=== Given data ===
lemma strip_attains_min:
  fixes Z :: "real \<Rightarrow> real \<Rightarrow> real"
  assumes cont: "continuous_on (UNIV \<times> {0..T}) (\<lambda>(x, t). Z x t)"
    and t0: "t0 \<in> {0..T}"
    and far: "\<And>x t. t \<in> {0..T} \<Longrightarrow> R < \<bar>x\<bar> \<Longrightarrow> Z x0 t0 < Z x t"
  obtains x1 t1 where "t1 \<in> {0..T}" "\<And>x t. t \<in> {0..T} \<Longrightarrow> Z x1 t1 \<le> Z x t"
proof -
  define S where "S = {-R..R} \<times> {0..T}"
  have "(x0, t0) \<in> S"
    using far[OF t0, of x0] t0 by (force simp: S_def abs_le_iff)
  moreover have "continuous_on S (\<lambda>(x, t). Z x t)"
    by (rule continuous_on_subset[OF cont]) (auto simp: S_def)
  ultimately obtain p where p: "p \<in> S" "\<And>q. q \<in> S \<Longrightarrow> case_prod Z p \<le> case_prod Z q"
    using continuous_attains_inf[of S "\<lambda>(x, t). Z x t"] by (auto simp: S_def compact_Times)
  show ?thesis
  proof (rule that[of "snd p" "fst p"])
    show "snd p \<in> {0..T}" using p(1) by (auto simp: S_def)
    fix x t assume "t \<in> {0..T}"
    show "Z (fst p) (snd p) \<le> Z x t"
    proof (cases "\<bar>x\<bar> \<le> R")
      case True
      then show ?thesis
        using p(2)[of "(x, t)"] \<open>t \<in> {0..T}\<close> by (auto simp: S_def abs_le_iff split: prod.splits)
    next
      case False
      then show ?thesis
        using far[OF \<open>t \<in> {0..T}\<close>, of x] p(2)[of "(x0, t0)"] \<open>(x0, t0) \<in> S\<close>
        by (auto split: prod.splits)
    qed
  qed
qed

lemma perturbed_difference_attains_min:
  fixes v :: "real \<Rightarrow> real \<Rightarrow> real" and G :: "real \<Rightarrow> real" and \<delta> C :: real
  defines "Z \<equiv> \<lambda>x t. v x t - G x + \<delta> * bracket x + \<delta> * C * t"
  assumes v_cont: "continuous_on (UNIV \<times> {0..T}) (\<lambda>(x, t). v x t)"
    and v_bdd: "\<exists>M. \<forall>x t. t \<in> {0..T} \<longrightarrow> \<bar>v x t\<bar> \<le> M"
    and G_cont: "continuous_on UNIV G" and G_bd: "\<And>x. \<bar>G x\<bar> \<le> K"
    and "0 < \<delta>" "0 \<le> C" "t0 \<in> {0..T}"
  obtains x1 t1 where "t1 \<in> {0..T}" "\<And>x t. t \<in> {0..T} \<Longrightarrow> Z x1 t1 \<le> Z x t"
proof -
  obtain M where M: "\<And>x t. t \<in> {0..T} \<Longrightarrow> \<bar>v x t\<bar> \<le> M" using v_bdd by blast
  show thesis
  proof (rule strip_attains_min)
    show "continuous_on (UNIV \<times> {0..T}) (\<lambda>(x, t). Z x t)"
      unfolding Z_def using v_cont
      by (auto intro!: continuous_intros continuous_on_compose2[OF G_cont]
            continuous_on_compose2[OF continuous_on_bracket] simp: split_beta')
    fix x t assume t: "t \<in> {0..T}" and "(Z x0 t0 + M + K) / \<delta> < \<bar>x\<bar>"
    then have "Z x0 t0 + M + K < \<delta> * \<bar>x\<bar>"
      using \<open>0 < \<delta>\<close> by (simp add: divide_less_eq mult.commute)
    also have "\<dots> \<le> \<delta> * bracket x"
      using bracket_ge_abs[of x] \<open>0 < \<delta>\<close> by simp
    finally have "Z x0 t0 + M + K < \<delta> * bracket x" .
    moreover have "0 \<le> \<delta> * C * t" using \<open>0 < \<delta>\<close> \<open>0 \<le> C\<close> t by simp
    ultimately show "Z x0 t0 < Z x t"
      unfolding Z_def using M[OF t, of x] G_bd[of x] by (simp add: abs_le_iff)
  qed (use \<open>t0 \<in> {0..T}\<close> that in auto)
qed

locale penalized_obstacle_problem =
  fixes \<nu> :: "real measure" and T :: real and v a b r :: "real \<Rightarrow> real \<Rightarrow> real"
    and G G1 G2 P :: "real \<Rightarrow> real" and J L K A B R :: real
  assumes levy: "levy_measure \<nu>"
    and tail: "(\<integral>\<^sup>+ y. ennreal (\<bar>y\<bar> * indicator {y. 1 < \<bar>y\<bar>} y) \<partial>\<nu>) < \<infinity>"
    and v_cont: "continuous_on (UNIV \<times> {0..T}) (\<lambda>(x, t). v x t)"
    and v_bdd: "\<exists>M. \<forall>x t. t \<in> {0..T} \<longrightarrow> \<bar>v x t\<bar> \<le> M"
    and v_x: "\<And>x t. t \<in> {0..T} \<Longrightarrow> ((\<lambda>y. v y t) has_real_derivative Dx v x t) (at x)"
    and v_xx: "\<And>x t. t \<in> {0..T} \<Longrightarrow> ((\<lambda>y. Dx v y t) has_real_derivative Dxx v x t) (at x)"
    and G: "\<And>x. (G has_real_derivative G1 x) (at x)" "\<And>x. (G1 has_real_derivative G2 x) (at x)"
    and G2: "\<And>x. - J \<le> G2 x" and G1_bd: "\<And>x. \<bar>G1 x\<bar> \<le> L"
    and G_bd: "\<And>x. 0 \<le> G x \<and> G x \<le> K"
    and a: "\<And>x t. t \<in> {0..T} \<Longrightarrow> 0 \<le> a x t \<and> a x t \<le> A"
    and b: "\<And>x t. t \<in> {0..T} \<Longrightarrow> \<bar>b x t\<bar> \<le> B"
    and r: "\<And>x t. t \<in> {0..T} \<Longrightarrow> 0 \<le> r x t \<and> r x t \<le> R"
    and P: "mono P"
    and P0: "P 0 = - (A * J + B * L + R * K + J * small_jump_moment \<nu> + K * large_jump_mass \<nu>)"
    and v_eq: "\<And>x t. t \<in> {0<..T} \<Longrightarrow> ((\<lambda>s. v x s) has_real_derivative
        a x t * Dxx v x t + b x t * Dx v x t + levy_op \<nu> v x t - r x t * v x t - P (v x t - G x))
        (at t within {0..T})"
    and v_init: "\<And>x. v x 0 = G x"
begin
section \<open>Multiplicative closure\<close>

text \<open>Necessity: the product of two generators p^ai e_i and p^aj e_j is \<plusminus>p^(ai+aj) e_k
  for the slot k dictated by the dot and cross products, so closure gives ak \<le> ai + aj.\<close>

lemma Lam_mult_closed_necessary:
  assumes Q: "is_Qp p (v::'k::field \<Rightarrow> int)"
    and closed: "\<forall>x\<in>Lam p v a1 a2 a3 a4 a5 a6 a7 a8. \<forall>y\<in>Lam p v a1 a2 a3 a4 a5 a6 a7 a8.
                   oct_mult x y \<in> Lam p v a1 a2 a3 a4 a5 a6 a7 a8"
  shows "a1 \<le> a1 + a1" "a8 \<le> a8 + a8"
    and "a1 \<le> a2 + a5" "a1 \<le> a3 + a6" "a1 \<le> a4 + a7"
    and "a7 \<le> a2 + a3" "a6 \<le> a2 + a4" "a5 \<le> a3 + a4"
    and "a4 \<le> a5 + a6" "a3 \<le> a5 + a7" "a2 \<le> a6 + a7"
proof -
  let ?L = "Lam p v a1 a2 a3 a4 a5 a6 a7 a8"
  define es where "es = (Lam_gens p a1 a2 a3 a4 a5 a6 a7 a8 :: 'k oct list)"
  have "es ! i \<in> ?L" if "i < 8" for i
    using Lam_gens_in_Lam[OF Q] that nth_mem[of i es] by (auto simp: es_def Lam_gens_def)
  with closed have prod: "oct_mult (es ! i) (es ! j) \<in> ?L" if "i < 8" "j < 8" for i j
    using that by blast
  note mem = es_def Lam_gens_def Lam_mem pZp_zero powi_in_pZp_iff[OF Q]
    powi_mult_in_pZp_iff[OF Q] pZp_uminus_iff[OF Q]
  show "a1 \<le> a1 + a1" using prod[of 0 0] by (simp add: mem)
  show "a8 \<le> a8 + a8" using prod[of 7 7] by (simp add: mem)
  show "a1 \<le> a2 + a5" using prod[of 1 4] by (simp add: mem)
  show "a1 \<le> a3 + a6" using prod[of 2 5] by (simp add: mem)
  show "a1 \<le> a4 + a7" using prod[of 3 6] by (simp add: mem)
  show "a7 \<le> a2 + a3" using prod[of 1 2] by (simp add: mem)
  show "a6 \<le> a2 + a4" using prod[of 3 1] by (simp add: mem add.commute)
  show "a5 \<le> a3 + a4" using prod[of 2 3] by (simp add: mem)
  show "a4 \<le> a5 + a6" using prod[of 4 5] by (simp add: mem)
  show "a3 \<le> a5 + a7" using prod[of 6 4] by (simp add: mem add.commute)
  show "a2 \<le> a6 + a7" using prod[of 5 6] by (simp add: mem)
qed

text \<open>Sufficiency: under the inequalities each coordinate of a product is a signed sum of
  products of coordinates whose exponents add up to at least the target exponent.\<close>

lemma Lam_mult_closed:
  assumes Q: "is_Qp p (v::'k::field \<Rightarrow> int)"
    and "a1 = 0" "a8 = 0" "0 \<le> a2 + a5" "0 \<le> a3 + a6" "0 \<le> a4 + a7"
        "a7 \<le> a2 + a3" "a6 \<le> a2 + a4" "a5 \<le> a3 + a4"
        "a4 \<le> a5 + a6" "a3 \<le> a5 + a7" "a2 \<le> a6 + a7"
    and x: "x \<in> Lam p v a1 a2 a3 a4 a5 a6 a7 a8" and y: "y \<in> Lam p v a1 a2 a3 a4 a5 a6 a7 a8"
  shows "oct_mult x y \<in> Lam p v a1 a2 a3 a4 a5 a6 a7 a8"
proof -
  obtain x0 y1 y2 y3 z1 z2 z3 w where xe: "x = Oct x0 (y1, y2, y3) (z1, z2, z3) w"
    and "x0 \<in> pZp p v a1" "y1 \<in> pZp p v a2" "y2 \<in> pZp p v a3" "y3 \<in> pZp p v a4"
        "z1 \<in> pZp p v a5" "z2 \<in> pZp p v a6" "z3 \<in> pZp p v a7" "w \<in> pZp p v a8"
    using x unfolding Lam_def by blast
  moreover obtain x0' y1' y2' y3' z1' z2' z3' w' where ye: "y = Oct x0' (y1', y2', y3') (z1', z2', z3') w'"
    and "x0' \<in> pZp p v a1" "y1' \<in> pZp p v a2" "y2' \<in> pZp p v a3" "y3' \<in> pZp p v a4"
        "z1' \<in> pZp p v a5" "z2' \<in> pZp p v a6" "z3' \<in> pZp p v a7" "w' \<in> pZp p v a8"
    using y unfolding Lam_def by blast
  ultimately show ?thesis
    unfolding xe ye oct_mult.simps dot3.simps cross3.simps add3.simps sc3.simps minus3.simps Lam_mem
    using assms(2-12)
    by (intro conjI pZp_add[OF Q] pZp_diff[OF Q] pZp_mult[OF Q]) (assumption | linarith)+
qed

theorem mainTheorem11:
  fixes p :: nat and v :: "'k::field \<Rightarrow> int" and a1 a2 a3 a4 a5 a6 a7 a8 :: int
  assumes "is_Qp p v" and "odd p"
  shows "is_order v (Lam p v a1 a2 a3 a4 a5 a6 a7 a8) \<longleftrightarrow>
    (a1 = 0 \<and> a8 = 0 \<and>
     a2 + a5 \<ge> 0 \<and> a3 + a6 \<ge> 0 \<and> a4 + a7 \<ge> 0 \<and>
     a2 + a3 \<ge> a7 \<and> a2 + a4 \<ge> a6 \<and> a3 + a4 \<ge> a5 \<and>
     a5 + a6 \<ge> a4 \<and> a5 + a7 \<ge> a3 \<and> a6 + a7 \<ge> a2)"
proof
  assume "is_order v (Lam p v a1 a2 a3 a4 a5 a6 a7 a8)"
  then have "a1 \<le> 0 \<and> a8 \<le> 0"
    and closed: "\<forall>x\<in>Lam p v a1 a2 a3 a4 a5 a6 a7 a8. \<forall>y\<in>Lam p v a1 a2 a3 a4 a5 a6 a7 a8.
                   oct_mult x y \<in> Lam p v a1 a2 a3 a4 a5 a6 a7 a8"
    using one_in_Lam_iff[OF assms(1)] unfolding is_order_def by auto
  with Lam_mult_closed_necessary[OF assms(1) closed] show "a1 = 0 \<and> a8 = 0 \<and>
     a2 + a5 \<ge> 0 \<and> a3 + a6 \<ge> 0 \<and> a4 + a7 \<ge> 0 \<and>
     a2 + a3 \<ge> a7 \<and> a2 + a4 \<ge> a6 \<and> a3 + a4 \<ge> a5 \<and>
     a5 + a6 \<ge> a4 \<and> a5 + a7 \<ge> a3 \<and> a6 + a7 \<ge> a2"
    by linarith
next
  assume "a1 = 0 \<and> a8 = 0 \<and>
     a2 + a5 \<ge> 0 \<and> a3 + a6 \<ge> 0 \<and> a4 + a7 \<ge> 0 \<and>
     a2 + a3 \<ge> a7 \<and> a2 + a4 \<ge> a6 \<and> a3 + a4 \<ge> a5 \<and>
     a5 + a6 \<ge> a4 \<and> a5 + a7 \<ge> a3 \<and> a6 + a7 \<ge> a2"
  then show "is_order v (Lam p v a1 a2 a3 a4 a5 a6 a7 a8)"
    unfolding is_order_def
    using Lam_is_lattice[OF assms(1)] one_in_Lam_iff[OF assms(1)] Lam_mult_closed[OF assms(1)]
    by simp
qed

end
lemma smult_zero_wedge: "0 \<cdot>\<^sub>m wedge r u w = 0\<^sub>m (dimV r) (dimV r)"
  by (rule eq_matI) auto

lemma wedge_reparam:
  assumes "k * (al * de - be * ga) = 1"
  shows "wedge r u w = k \<cdot>\<^sub>m wedge r (\<lambda>i. al * u i + be * w i) (\<lambda>i. ga * u i + de * w i)"
proof (rule eq_matI)
  fix i j assume "i < dim_row (k \<cdot>\<^sub>m wedge r (\<lambda>i. al * u i + be * w i) (\<lambda>i. ga * u i + de * w i))"
    "j < dim_col (k \<cdot>\<^sub>m wedge r (\<lambda>i. al * u i + be * w i) (\<lambda>i. ga * u i + de * w i))"
  hence ij: "i < dimV r" "j < dimV r" by auto
  have "k * ((al * u i + be * w i) * (ga * u (2*r-j) + de * w (2*r-j)) - (ga * u i + de * w i) * (al * u (2*r-j) + be * w (2*r-j)))
     = (k * (al * de - be * ga)) * (u i * w (2*r-j) - w i * u (2*r-j))" by (simp add: algebra_simps)
  thus "wedge r u w $$ (i,j) = (k \<cdot>\<^sub>m wedge r (\<lambda>i. al * u i + be * w i) (\<lambda>i. ga * u i + de * w i)) $$ (i,j)"
    using ij assms by simp
qed auto

lemma wedge_so: "wedge r u w \<in> so r"
  unfolding so_iff by (auto simp: dimV_def algebra_simps)

lemma wedge_mult_index:
  assumes N: "N \<in> carrier_mat (dimV r) (dimV r)" and ij: "i < dimV r" "j < dimV r"
  shows "(wedge r u w * N) $$ (i,j) = u i * (\<Sum>k<dimV r. w (2*r-k) * N $$ (k,j)) - w i * (\<Sum>k<dimV r. u (2*r-k) * N $$ (k,j))"
proof -
  have "(wedge r u w * N) $$ (i,j) = (\<Sum>k<dimV r. (u i * w (2*r-k) - w i * u (2*r-k)) * N $$ (k,j))"
    using N ij by (subst index_mult_sum[of _ "dimV r" "dimV r" _ "dimV r"]) auto
  also have "\<dots> = (\<Sum>k<dimV r. u i * (w (2*r-k) * N $$ (k,j)) - w i * (u (2*r-k) * N $$ (k,j)))"
    by (intro sum.cong refl) (simp add: algebra_simps)
  also have "\<dots> = u i * (\<Sum>k<dimV r. w (2*r-k) * N $$ (k,j)) - w i * (\<Sum>k<dimV r. u (2*r-k) * N $$ (k,j))"
    by (simp add: sum_subtractf sum_distrib_left)
  finally show ?thesis .
qed

lemma sum_reflect_wedge_combination: "(\<Sum>k<dimV r. x (2*r-k) * (u k * A - w k * B)) = bform r u x * A - bform r w x * B"
proof -
  have "(\<Sum>k<dimV r. x (2*r-k) * (u k * A - w k * B)) = (\<Sum>k<dimV r. (u k * x (2*r-k)) * A - (w k * x (2*r-k)) * B)"
    by (intro sum.cong refl) (simp add: algebra_simps)
  also have "\<dots> = bform r u x * A - bform r w x * B" by (simp add: sum_subtractf sum_distrib_right bform_def)
  finally show ?thesis .
qed

lemma wedge_mult_column_in_span:
  assumes N: "N \<in> carrier_mat (dimV r) (dimV r)" and ij: "i < dimV r" "j < dimV r"
    and col: "\<And>k. k < dimV r \<Longrightarrow> N $$ (k,j) = u k * P - w k * Q"
  shows "(wedge r u w * N) $$ (i,j)
    = u i * (bform r u w * P - bform r w w * Q) - w i * (bform r u u * P - bform r w u * Q)"
proof -
  have "(wedge r u w * N) $$ (i,j)
      = u i * (\<Sum>k<dimV r. w (2*r-k) * N $$ (k,j)) - w i * (\<Sum>k<dimV r. u (2*r-k) * N $$ (k,j))"
    by (rule wedge_mult_index[OF N ij])
  also have "\<dots> = u i * (\<Sum>k<dimV r. w (2*r-k) * (u k * P - w k * Q))
      - w i * (\<Sum>k<dimV r. u (2*r-k) * (u k * P - w k * Q))"
    using col by simp
  finally show ?thesis by (simp only: sum_reflect_wedge_combination)
qed

lemma wedge_square_index:
  assumes ij: "i < dimV r" "j < dimV r"
  shows "(wedge r u w * wedge r u w) $$ (i,j)
    = u i * (bform r u w * w (2*r-j) - bform r w w * u (2*r-j))
      - w i * (bform r u u * w (2*r-j) - bform r u w * u (2*r-j))"
  using wedge_mult_column_in_span[OF wedge_carrier ij, where P = "w (2*r-j)" and Q = "u (2*r-j)"] ij
  by (simp add: bform_sym[of r w u])

lemma wedge_cube:
  "wedge r u w * wedge r u w * wedge r u w = (bform r u w * bform r u w - bform r u u * bform r w w) \<cdot>\<^sub>m wedge r u w"
proof (rule eq_matI)
  let ?a = "bform r u u" and ?b = "bform r u w" and ?c = "bform r w w"
  fix i j assume "i < dim_row ((?b * ?b - ?a * ?c) \<cdot>\<^sub>m wedge r u w)" "j < dim_col ((?b * ?b - ?a * ?c) \<cdot>\<^sub>m wedge r u w)"
  hence ij: "i < dimV r" "j < dimV r" by auto
  have "(wedge r u w * wedge r u w * wedge r u w) $$ (i,j) = (wedge r u w * (wedge r u w * wedge r u w)) $$ (i,j)"
    by (simp add: assoc_mult_mat[OF wedge_carrier wedge_carrier wedge_carrier])
  also have "\<dots> = u i * (?b * (?b * w (2*r-j) - ?c * u (2*r-j)) - ?c * (?a * w (2*r-j) - ?b * u (2*r-j)))
      - w i * (?a * (?b * w (2*r-j) - ?c * u (2*r-j)) - bform r w u * (?a * w (2*r-j) - ?b * u (2*r-j)))"
    by (rule wedge_mult_column_in_span[OF mult_carrier_mat[OF wedge_carrier wedge_carrier] ij])
      (use ij in \<open>simp add: wedge_square_index del: index_mult_mat\<close>)
  also have "\<dots> = ((?b * ?b - ?a * ?c) \<cdot>\<^sub>m wedge r u w) $$ (i,j)"
    using ij by (simp add: bform_sym[of r w u] algebra_simps)
  finally show "(wedge r u w * wedge r u w * wedge r u w) $$ (i,j) = ((?b * ?b - ?a * ?c) \<cdot>\<^sub>m wedge r u w) $$ (i,j)" .
qed auto

lemma so_sum_reflect_index:
  assumes "y \<in> so r" "j < dimV r"
  shows "(\<Sum>k<dimV r. x (2*r-k) * y $$ (k, j)) = - mvec r y x (2*r - j)"
proof -
  have "(\<Sum>k<dimV r. x (2*r-k) * y $$ (k, j)) = (\<Sum>k<dimV r. - (y $$ (2*r-j, 2*r-k) * x (2*r-k)))"
    using assms by (intro sum.cong) (auto simp: so_index_reflect[OF assms(1) _ assms(2)])
  also have "\<dots> = (\<Sum>k<dimV r. - (y $$ (2*r-j, k) * x k))"
    by (rule sum_reflect_index[where f="\<lambda>k. - (y $$ (2*r-j, k) * x k)"])
  also have "\<dots> = - mvec r y x (2*r - j)" by (simp add: mvec_def sum_negf)
  finally show ?thesis .
qed

lemma wedge_commutator:
  assumes y: "y \<in> so r"
  shows "wedge r u w * y - y * wedge r u w = wedge r u (\<lambda>i. - mvec r y w i) + wedge r (\<lambda>i. - mvec r y u i) w"
proof (rule eq_matI)
  have yc: "y \<in> carrier_mat (dimV r) (dimV r)" using y by simp
  fix i j assume "i < dim_row (wedge r u (\<lambda>i. - mvec r y w i) + wedge r (\<lambda>i. - mvec r y u i) w)"
    "j < dim_col (wedge r u (\<lambda>i. - mvec r y w i) + wedge r (\<lambda>i. - mvec r y u i) w)"
  hence ij: "i < dimV r" "j < dimV r" by auto
  have Wy: "(wedge r u w * y) $$ (i,j) = - u i * mvec r y w (2*r-j) + w i * mvec r y u (2*r-j)"
    unfolding wedge_mult_index[OF yc ij] so_sum_reflect_index[OF y ij(2)] by simp
  have yW: "(y * wedge r u w) $$ (i,j) = mvec r y u i * w (2*r-j) - mvec r y w i * u (2*r-j)"
    unfolding index_mult_sum[OF yc wedge_carrier ij] using ij
    by (simp only: mvec_def sum_distrib_right sum_subtractf[symmetric]) (auto intro!: sum.cong simp: algebra_simps)
  have "(wedge r u w * y - y * wedge r u w) $$ (i, j) = (wedge r u w * y) $$ (i,j) - (y * wedge r u w) $$ (i,j)"
    using ij yc by (intro index_minus_mat(1)) auto
  also have "\<dots> = (wedge r u (\<lambda>i. - mvec r y w i) + wedge r (\<lambda>i. - mvec r y u i) w) $$ (i, j)"
    unfolding Wy yW using ij by (simp add: dimV_def algebra_simps)
  finally show "(wedge r u w * y - y * wedge r u w) $$ (i, j) =
      (wedge r u (\<lambda>i. - mvec r y w i) + wedge r (\<lambda>i. - mvec r y u i) w) $$ (i, j)" .
qed (use so_carrier[OF y] in auto)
===
**What the task requires:** Go through the records above and return each line in which the word "blast" occurs.

**Task result:**
  obtain M where M: "\<And>x t. t \<in> {0..T} \<Longrightarrow> \<bar>v x t\<bar> \<le> M" using v_bdd by blast
    using that by blast
    using x unfolding Lam_def by blast
    using y unfolding Lam_def by blast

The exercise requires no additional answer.